------ Input records

(* Let $H$ and $H_j$ be $n$-qubit Hermitian operators, each with at most $m$ nonzero Pauli coefficients, and let $T\in\mathbb R$. Let $W$ be any Hermitian operator with $\|W\|_\infty<\pi$ such that $e^{-iW}=e^{i\phi}e^{iHT}e^{-iH_jT}$ for some $\phi\in\mathbb R$. Then $W$ has at most $4^m$ nonzero Pauli coefficients.
   Context: Pauli operators are labelled by $v\in\mathbb F_2^{2n}$, $P_v\in\{I,X,Y,Z\}^{\otimes n}$ (identity labelled $0$); every $n$-qubit operator has a unique expansion in the $P_v$. The number of nonzero coefficients of $W$ in this expansion is its Pauli sparsity $\operatorname{supp}_P(W)$. $\|\cdot\|_\infty$ is the operator norm. *)

theory Defs
  imports "HOL-Analysis.Analysis" "Jordan_Normal_Form.Matrix"
begin

text \<open>n-qubit operators are complex matrices of dimension 2^n (JNF type complex mat).\<close>

definition is_hermitian :: "complex mat \<Rightarrow> bool" where
  "is_hermitian A \<longleftrightarrow> square_mat A \<and>
     (\<forall>i < dim_row A. \<forall>j < dim_row A. A $$ (i, j) = cnj (A $$ (j, i)))"

definition mtrace :: "complex mat \<Rightarrow> complex" where
  "mtrace A = (\<Sum>i < dim_row A. A $$ (i, i))"

definition mexp :: "complex mat \<Rightarrow> complex mat" where
  "mexp A = mat (dim_row A) (dim_col A)
     (\<lambda>(i, j). \<Sum>k. (A ^\<^sub>m k) $$ (i, j) / of_nat (fact k))"

definition vnorm :: "complex vec \<Rightarrow> real" where
  "vnorm x = sqrt (\<Sum>i < dim_vec x. (cmod (x $ i))^2)"

definition op_norm :: "complex mat \<Rightarrow> real" where
  "op_norm A = Sup {vnorm (A *\<^sub>v x) | x. x \<in> carrier_vec (dim_col A) \<and> vnorm x \<le> 1}"

text \<open>Single-qubit Paulis: 0 = I, 1 = X, 2 = Y, 3 = Z.\<close>
definition pauli1 :: "nat \<Rightarrow> complex mat" where
  "pauli1 a = (if a = 1 then mat_of_rows_list 2 [[0, 1], [1, 0]]
     else if a = 2 then mat_of_rows_list 2 [[0, -\<i>], [\<i>, 0]]
     else if a = 3 then mat_of_rows_list 2 [[1, 0], [0, -1]]
     else mat_of_rows_list 2 [[1, 0], [0, 1]])"

text \<open>Pauli strings on n qubits: lists of length n over {0,1,2,3}
  (in bijection with labels v in F_2^{2n}); identity is the all-zero string.\<close>
definition pauli_strings :: "nat \<Rightarrow> nat list set" where
  "pauli_strings n = {s. length s = n \<and> set s \<subseteq> {0..3}}"

text \<open>Tensor product P_s = P_{s_0} (x) ... (x) P_{s_{n-1}}; qubit k is bit k of the index.\<close>
definition pauli_op :: "nat \<Rightarrow> nat list \<Rightarrow> complex mat" where
  "pauli_op n s = mat (2^n) (2^n)
     (\<lambda>(i, j). \<Prod>k < n. pauli1 (s ! k) $$ (i div 2^k mod 2, j div 2^k mod 2))"

text \<open>Coefficient of P_s in the (unique) Pauli expansion W = sum_s c_s P_s.\<close>
definition pauli_coeff :: "nat \<Rightarrow> complex mat \<Rightarrow> nat list \<Rightarrow> complex" where
  "pauli_coeff n W s = mtrace (pauli_op n s * W) / 2^n"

------------

→ How to complete this task
Copy each line of the entries in which the string "definition" is found.

→ Response to the exercise
definition is_hermitian :: "complex mat \<Rightarrow> bool" where
definition mtrace :: "complex mat \<Rightarrow> complex" where
definition mexp :: "complex mat \<Rightarrow> complex mat" where
definition vnorm :: "complex vec \<Rightarrow> real" where
definition op_norm :: "complex mat \<Rightarrow> real" where
definition pauli1 :: "nat \<Rightarrow> complex mat" where
definition pauli_strings :: "nat \<Rightarrow> nat list set" where
definition pauli_op :: "nat \<Rightarrow> nat list \<Rightarrow> complex mat" where
definition pauli_coeff :: "nat \<Rightarrow> complex mat \<Rightarrow> nat list \<Rightarrow> complex" where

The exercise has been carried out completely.